Corazón maternalEl corazón maternal latía con fuerza mientras su hijo cruzaba la calle, ignorando el peligro que se avecinaba.

Elena García se casó tarde – según su madre, demasiado tarde – a los treinta y un años. Pero así fue, aunque Elena tenía buen aspecto: ojos grises, pelo castaño claro y ligeramente ondulado hasta los hombros, una sonrisa dulce.

— Tendrías que haberte buscado un marido antes, pero tú siempre estudiando y siendo tan recatada. Tus amigas se quedaron con los mejores pretendientes —refunfuñaba Ana Isabel, la madre de Elena—. Y ahora te toca lo que queda. No me gusta ese tal Iván que te corteja. Viene de familia humilde, sus padres del pueblo, y tiene más orgullo que un pavo real… ¿Qué es eso?

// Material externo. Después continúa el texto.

(* Let $f$ be a $C^1$ diffeomorphism of a compact Riemannian manifold $M$ admitting a dominated splitting $TM=E\oplus_{\prec}F$. Then there is an $f$-invariant set $R\subset M$ with $\mu(R)=1$ for every $f$-invariant probability measure $\mu$ such that for every $x\in R$ and every linear subspace $V_{x}\subset T_{x}M$ with $\dim V_{x}=\dim F$, $$\lambda(x,V_{x})\leq\lambda(x,F(x)).$$
   Context: For $x\in M$ and a linear subspace $V\subset T_xM$, $\lambda(x,V)=\limsup_{n\to+\infty}\frac1n\log|\det Df^n_x|_V|$, where $|\det Df^n_x|_{V}|$ is the absolute determinant of $Df^n_x|_V:V\to Df^n_x(V)$ w.r.t. the Riemannian inner products. Dominated splitting $TM=E\oplus_{\prec}F$: $E,F$ continuous $Df$-invariant subbundles with constants $C>0,\lambda\in(0,1)$ such that $\frac{\|Df^k_x v_E\|}{\|v_E\|}\le C\lambda^k\frac{\|Df^k_x v_F\|}{\|v_F\|}$ for all $k\in\mathbb N$, $x\in M$, nonzero $v_E\in E(x),v_F\in F(x)$. *)

theory Defs
  imports "HOL-Analysis.Analysis" "HOL-Probability.Probability_Measure"
begin

text \<open>The compact Riemannian manifold M is modelled as a compact embedded C1 submanifold
  of a Euclidean space (type 'a), with the induced Riemannian metric (Nash embedding).\<close>

definition C1_on :: "'a::euclidean_space set \<Rightarrow> ('a \<Rightarrow> 'b::euclidean_space) \<Rightarrow> bool" where
  "C1_on U g \<longleftrightarrow> (\<exists>g'. (\<forall>y\<in>U. (g has_derivative blinfun_apply (g' y)) (at y))
                       \<and> continuous_on U g')"

definition C1_submanifold :: "nat \<Rightarrow> 'a::euclidean_space set \<Rightarrow> bool" where
  "C1_submanifold d M \<longleftrightarrow>
     (\<forall>x\<in>M. \<exists>U (\<phi>::'a\<Rightarrow>'a) \<psi> S. open U \<and> x \<in> U \<and> open (\<phi> ` U) \<and>
        C1_on U \<phi> \<and> C1_on (\<phi> ` U) \<psi> \<and> (\<forall>y\<in>U. \<psi> (\<phi> y) = y) \<and>
        subspace S \<and> dim S = d \<and> \<phi> ` (M \<inter> U) = \<phi> ` U \<inter> S)"

definition tangent_space :: "'a::euclidean_space set \<Rightarrow> 'a \<Rightarrow> 'a set" where
  "tangent_space M x = {v. \<exists>\<gamma>::real\<Rightarrow>'a. (\<forall>t. \<gamma> t \<in> M) \<and> \<gamma> 0 = x \<and>
                              (\<gamma> has_vector_derivative v) (at 0)}"

fun dfn :: "('a \<Rightarrow> 'a) \<Rightarrow> ('a \<Rightarrow> 'a \<Rightarrow>\<^sub>L 'a) \<Rightarrow> nat \<Rightarrow> 'a \<Rightarrow> 'a \<Rightarrow> 'a::real_normed_vector" where
  "dfn f Df 0 x = id"
| "dfn f Df (Suc n) x = blinfun_apply (Df ((f ^^ n) x)) \<circ> dfn f Df n x"
(* Let $p$ be an odd prime such that a Hadamard matrix of size $4p$ exists, and suppose $\alpha\ge1$ satisfies $(\mathcal{H}^{\mathbb{F}_p}_f)_\alpha\in\Delta(\mathcal{A},\le)$. Then $$\alpha\ge\frac{\log\binom{4p-1}{2p}-\log\sum_{i=0}^{p-1}\binom{4p-1}{i}-\log(4p-1)}{\log(4p-1)}\ge\frac{(4p-1)\left[h\!\left(\tfrac12+\tfrac1{8p-2}\right)-h\!\left(\tfrac14+\tfrac1{16p-4}\right)\right]-\log(16p^2-4p)}{\log(4p-1)},$$ where $h(x)=-x\log x-(1-x)\log(1-x)$ is the binary entropy and $\log$ is base $2$.
   Context: For a field $\mathbb{F}$, an $a/b$-subspace representation of a graph $G$ over $\mathbb{F}$ is a family of subspaces $S_g\subseteq\mathbb{F}^a$ ($g\in V(G)$) with $\dim S_g=b$ and $S_g\cap\sum_{g'\not\simeq g}S_{g'}=\{0\}$ for all $g$ (sum over vertices neither equal nor adjacent to $g$). The fractional Haemers bound $\mathcal{H}^{\mathbb{F}}_f(G)$ is the infimum of $a/b$ over all such representations; it belongs to $\Delta(\mathcal{G},\le)$. $\mathbb{F}_p$ is the field with $p$ elements. Graphs are finite simple undirected; $x\simeq x'$ means equal or adjacent. Strong product $G\boxtimes H$: $(g,h)\simeq(g',h')$ iff $g\simeq g'$ and $h\simeq h'$. $H\le G$ for graphs means a homomorphism $\overline{H}\to\overline{G}$ exists. $\Delta(\mathcal{G},\le)$: maps from graphs to $\mathbb{R}_{\ge0}$, $0$ on the empty graph, $1$ on $K_1$, additive under disjoint union, multiplicative under $\boxtimes$, monotone under $\le$. A noncommutative graph is a subspace $S\subseteq B(\mathcal{H})$ ($\mathcal{H}$ finite-dimensional) with $I\in S$, $S^*=S$. A cohomomorphism from $T\subseteq B(\mathcal{K})$ to $S\subseteq B(\mathcal{H})$ is a finite family of linear maps $E_i:\mathcal{K}\to\mathcal{H}$ with $\sum_iE_i^*E_i=I$ and $E_i^*SE_j\subseteq T$ for all $i,j$; $T\le S$ if one exists. $\widehat{G}=\operatorname{span}\{|x\rangle\langle x'|:x\simeq x'\}\subseteq B(\mathbb{C}^{V(G)})$, $\mathcal{C}_d=\mathbb{C}I\subseteq B(\mathbb{C}^d)$. $\mathcal{A}$ is the semiring (under $\oplus,\otimes$, up to unitary isomorphism) generated by all $\widehat{G}$ and $\mathcal{C}_d$; its elements have the form $\bigoplus_{d=1}^r\widehat{G_d}\otimes\mathcal{C}_d$. For $f\in\Delta(\mathcal{G},\le)$, $\alpha\ge1$, $f_\alpha(\bigoplus_{d}\widehat{G_d}\otimes\mathcal{C}_d)=\sum_d f(G_d)d^\alpha$. $\Delta(\mathcal{A},\le)$ is the set of $\le$-monotone semiring homomorphisms $\mathcal{A}\to\mathbb{R}_{\ge0}$. *)

theory Defs
  imports Complex_Main "Jordan_Normal_Form.Matrix"
begin
(* Let $A=\{a_{ij}: i\ne j,\ i,j\ge1\}$ with $a_{ij}\prec a_{kl}$ iff $j=k$. For $f:[n]\to[n]$, a word $w=w_1\cdots w_n$ over $A$ is $f$-compatible if $w_{f(j)}\prec w_j$ for every $j\in[n]$ with $f(j)\neq j$; let $\mathbf S^f(A)$ be the sum of all $f$-compatible words. Then: (i) the $\mathbf S^f$, $f$ ranging over all endofunctions of all $[n]$, $n\ge0$, are linearly independent; (ii) $\mathbf S^f\mathbf S^g=\mathbf S^{f\bullet g}$, so their span $\mathbf{EFSym}$ is a subalgebra of $\mathbb K\langle\langle A\rangle\rangle$; (iii) letting letters of $A$ commute with those of $B$, $$\mathbf S^f(A\oplus B)=\sum_{I\models f}\mathbf S^{\mathrm{std}(f^{[n]\setminus I})}(A)\,\mathbf S^{\mathrm{std}(f^I)}(B);$$ (iv) with the coproduct $\Delta\mathbf S^f=\sum_{I\models f}\mathbf S^{\mathrm{std}(f^{[n]\setminus I})}\otimes\mathbf S^{\mathrm{std}(f^I)}$ (i.e. $\Delta F=F(A\oplus B)$), $\mathbf{EFSym}$ is a graded (non-cocommutative) Hopf algebra.
   Context: For $f:[n]\to[n]$ and $g:[m]\to[m]$, $f\bullet g:[n+m]\to[n+m]$ is the shifted concatenation: $(f\bullet g)(i)=f(i)$ for $i\le n$ and $(f\bullet g)(n+i)=g(i)+n$. For $I\subseteq[n]$, $f^I:I\to I$ is defined by $f^I(x)=f(x)$ if $f(x)\in I$ and $f^I(x)=x$ otherwise; if $|I|=k$ and $\tau_I:I\to[k]$ is the increasing bijection, $\mathrm{std}(f^I)=\tau_I\circ f^I\circ\tau_I^{-1}$. $I$ is an ideal of $f$, written $I\models f$, if $f^{-1}(I)\subseteq I$. $B=\{b_{ij}:i\neq j\}$ is a disjoint copy of $A$ with the same relation; $A\oplus B$ is the disjoint union with the relations on $A$ and on $B$ plus $a\prec b$ for all $a\in A,b\in B$ (never $b\prec a$); $\mathbf S^f(A\oplus B)$ is the sum of $f$-compatible words over $A\oplus B$. $\mathbf S^{\emptyset}=1$ for the empty function. *)

theory Defs
  imports Main
begin

text \<open>An endofunction f of [n] = {1..n} is encoded as the list fs of length n with
  f(i) = fs ! (i - 1).  The empty list is the empty function.\<close>

definition is_endo :: "nat list \<Rightarrow> bool" where
  "is_endo fs \<longleftrightarrow> (\<forall>x\<in>set fs. 1 \<le> x \<and> x \<le> length fs)"

definition ap :: "nat list \<Rightarrow> nat \<Rightarrow> nat" where
  "ap fs i = fs ! (i - 1)"

definition shcat :: "nat list \<Rightarrow> nat list \<Rightarrow> nat list" where
  "shcat fs gs = fs @ map (\<lambda>x. x + length fs) gs"

definition restr :: "nat list \<Rightarrow> nat set \<Rightarrow> nat \<Rightarrow> nat" where
  "restr fs I x = (if ap fs x \<in> I then ap fs x else x)"

text \<open>std(f^I) = tau_I o f^I o tau_I^{-1}, where tau_I x = card {y \<in> I. y \<le> x} and
  tau_I^{-1}(i) is the i-th smallest element of I.\<close>
definition stdr :: "nat list \<Rightarrow> nat set \<Rightarrow> nat list" where
  "stdr fs I = map (\<lambda>x. card {y\<in>I. y \<le> restr fs I x}) (sorted_list_of_set I)"

definition is_ideal :: "nat list \<Rightarrow> nat set \<Rightarrow> bool" where
  "is_ideal fs I \<longleftrightarrow> I \<subseteq> {1..length fs} \<and> (\<forall>j\<in>{1..length fs}. ap fs j \<in> I \<longrightarrow> j \<in> I)"

definition compat :: "('l \<Rightarrow> 'l \<Rightarrow> bool) \<Rightarrow> nat list \<Rightarrow> 'l list \<Rightarrow> bool" where
  "compat prec fs w \<longleftrightarrow> length w = length fs \<and>
     (\<forall>j\<in>{1..length fs}. ap fs j \<noteq> j \<longrightarrow> prec (w ! (ap fs j - 1)) (w ! (j - 1)))"

text \<open>Sum of all f-compatible words over the alphabet {x. valid x}, as a formal series
  (function from words to coefficients).\<close>
definition Sgen :: "('l \<Rightarrow> bool) \<Rightarrow> ('l \<Rightarrow> 'l \<Rightarrow> bool) \<Rightarrow> nat list \<Rightarrow> 'l list \<Rightarrow> 'k::field" where
  "Sgen valid prec fs w = (if (\<forall>x\<in>set w. valid x) \<and> compat prec fs w then 1 else 0)"

type_synonym letter = "nat \<times> nat"

text \<open>A = {a_ij : i \<noteq> j, i,j \<ge> 1}, a_ij encoded as (i,j); a_ij \<prec> a_kl iff j = k.\<close>
definition validA :: "letter \<Rightarrow> bool" where
  "validA a \<longleftrightarrow> fst a \<noteq> snd a \<and> 1 \<le> fst a \<and> 1 \<le> snd a"
(* The map sends the class of \<phi> \<in> Mor(F_i, F) to \<phi> \<circ> \<pi>_i. This does not depend on the
   representative: a thread \<Phi> of the inverse limit satisfies \<Phi>_i = \<lambda>_ki(\<Phi>_k), so the family
   (i, \<phi>) \<mapsto> \<phi>(\<Phi>_i) is compatible with the transports (\<lambda>_ij)^+ and hence constant on classes.
   Whether a map into an exponential space is a Bishop morphism can be tested on the generators
   \<phi>_{\<Phi>,f} of the exponential topology, and \<phi>_{\<Phi>,f} \<circ> hat is the generator eql0 f_\<Theta> of the
   direct-limit topology for \<Theta>_i(\<phi>) = f(\<phi>(\<Phi>_i)). If every projection \<pi>_k is onto, then
   \<phi> \<circ> \<pi>_i = \<psi> \<circ> \<pi>_j forces \<phi> \<circ> \<lambda>_ki = \<psi> \<circ> \<lambda>_kj on all of \<lambda>_0(k) for a common upper
   bound k of i and j, so the two classes coincide. *)

section \<open>Generated Bishop topologies\<close>

lemma bishop_topology_extensional: "bishop_topology A (extensional A)"
  unfolding bishop_topology_def by auto

lemma bishop_gen_subset: "F0 \<subseteq> bishop_gen A F0"
  unfolding bishop_gen_def by auto

lemma bishop_gen_least: "bishop_topology A F \<Longrightarrow> F0 \<subseteq> F \<Longrightarrow> bishop_gen A F0 \<subseteq> F"
  unfolding bishop_gen_def by auto

lemma bishop_topology_bishop_gen:
  assumes "F0 \<subseteq> extensional A"
  shows "bishop_topology A (bishop_gen A F0)"
proof -
  let ?S = "{F. bishop_topology A F \<and> F0 \<subseteq> F}"
  have "extensional A \<in> ?S"
    using assms bishop_topology_extensional by auto
  then have sub_ext: "\<Inter>?S \<subseteq> extensional A"
    by (rule Inter_lower)
  have uniformly_closed: "f \<in> \<Inter>?S"
    if "f \<in> extensional A" and "\<forall>\<epsilon>>0. \<exists>g\<in>\<Inter>?S. \<forall>x\<in>A. \<bar>f x - g x\<bar> \<le> \<epsilon>" for f
  proof
    fix F assume "F \<in> ?S"
    with that(2) have "\<forall>\<epsilon>>0. \<exists>g\<in>F. \<forall>x\<in>A. \<bar>f x - g x\<bar> \<le> \<epsilon>"
      by blast
    with \<open>F \<in> ?S\<close> that(1) show "f \<in> F"
      unfolding bishop_topology_def by blast
  qed
  have const_mem: "restrict (\<lambda>_. c) A \<in> \<Inter>?S" for c
    by (auto simp: bishop_topology_def)
  have add_mem: "restrict (\<lambda>x. f x + g x) A \<in> \<Inter>?S" if "f \<in> \<Inter>?S" "g \<in> \<Inter>?S" for f g
    using that by (auto simp: bishop_topology_def)
  have comp_mem: "restrict (\<phi> \<circ> f) A \<in> \<Inter>?S" if "f \<in> \<Inter>?S" "\<phi> \<in> Bica" for f \<phi>
    using that by (auto simp: bishop_topology_def)
  show ?thesis
    unfolding bishop_gen_def bishop_topology_def[of A "\<Inter>?S"]
    by (intro conjI ballI allI impI; rule sub_ext const_mem add_mem comp_mem uniformly_closed; assumption)
qed
lemma wf_ideal_psupset:
  assumes "noetherian_ring_cls TYPE('a::comm_ring_1)"
  shows "wf (ideal_psupset :: ('a set \<times> 'a set) set)"
proof (subst wf_iff_no_infinite_down_chain, rule notI)
  assume "\<exists>f. \<forall>i. (f (Suc i), f i) \<in> (ideal_psupset :: ('a set \<times> 'a set) set)"
  then obtain f :: "nat \<Rightarrow> 'a set" where f: "\<And>i. (f (Suc i), f i) \<in> ideal_psupset"
    by blast
  have ideal: "is_ideal (f i)" and less: "f i \<subset> f (Suc i)" for i
    using f[of i] by (auto simp: ideal_psupset_def)
  have mono: "i \<le> j \<Longrightarrow> f i \<subseteq> f j" for i j
    by (rule lift_Suc_mono_le[of f]) (use less in auto)
  define U where "U = \<Union>(range f)"
  have "is_ideal U"
    unfolding U_def using ideal mono by (rule is_ideal_Union_chain)
  then obtain F where F: "finite F" "U = {x. \<exists>c. x = (\<Sum>a\<in>F. c a * a)}"
    using assms unfolding noetherian_ring_cls_def finitely_generated_ideal_def by blast
  have "\<forall>a\<in>F. \<exists>n. a \<in> f n"
    using finitely_generated_ideal_generator[OF F(2,1)] by (auto simp: U_def)
  then obtain n where n: "\<forall>a\<in>F. a \<in> f (n a)"
    by metis
  define N where "N = Max (n ` F)"
  have "a \<in> f N" if "a \<in> F" for a
    using n that mono[of "n a" N] F(1) by (auto simp: N_def)
  then have "U \<subseteq> f N"
    unfolding F(2) by (auto intro!: ideal_sum[OF ideal] ideal_mult_left[OF ideal])
  moreover have "f (Suc N) \<subseteq> U"
    by (auto simp: U_def)
  ultimately show False
    using less[of N] by auto
qed

lemma exists_maximal_ideal:
  assumes "noetherian_ring_cls TYPE('a::comm_ring_1)"
  shows "is_ideal (J::'a set) \<Longrightarrow> J \<noteq> UNIV \<Longrightarrow> \<exists>M. is_maximal_ideal M \<and> J \<subseteq> M"
proof (induction J rule: wf_induct[OF wf_ideal_psupset[OF assms]])
  case (1 J)
  show ?case
  proof (cases "is_maximal_ideal J")
    case False
    then obtain J' where "is_ideal J'" "J \<subset> J'" "J' \<noteq> UNIV"
      using 1 unfolding is_maximal_ideal_def by blast
    then have "(J', J) \<in> ideal_psupset"
      using 1(2) by (simp add: ideal_psupset_def)
    then show ?thesis
      using 1(1) \<open>is_ideal J'\<close> \<open>J' \<noteq> UNIV\<close> \<open>J \<subset> J'\<close> by blast
  qed blast
qed

text \<open>\<open>ideal_prod_subset Ps J\<close> encodes \<open>P\<^sub>1 \<cdots> P\<^sub>n \<subseteq> J\<close> by testing the products of one element
  from each factor, which generate the product ideal.\<close>

definition ideal_prod_subset :: "'a::comm_ring_1 set list \<Rightarrow> 'a set \<Rightarrow> bool" where
  "ideal_prod_subset Ps J \<longleftrightarrow> (\<forall>xs. list_all2 (\<in>) xs Ps \<longrightarrow> prod_list xs \<in> J)"

lemma ideal_prod_subset_mono: "ideal_prod_subset Ps J \<Longrightarrow> J \<subseteq> J' \<Longrightarrow> ideal_prod_subset Ps J'"
  unfolding ideal_prod_subset_def by blast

Iván, en efecto, tenía un carácter complicado: autoritario, arrogante e intolerante. Pero eso se descubrió cuando Elena ya se había casado con él. Al principio, Iván se portaba bien, la cortejaba con flores y era atento.

Cuando pasó la luna de miel, empezó a mostrar su verdadera naturaleza, haciéndole observaciones groseras por cualquier motivo, sin pensar que su tono severo y aleccionador podía herirla. Pero Elena se esforzaba, quería mantener la familia, escuchaba a su marido, trabajaba en un instituto de proyectos, era respetada en el trabajo y en casa lo hacía todo, mientras Iván fruncía el ceño y descargaba su mal humor con ella.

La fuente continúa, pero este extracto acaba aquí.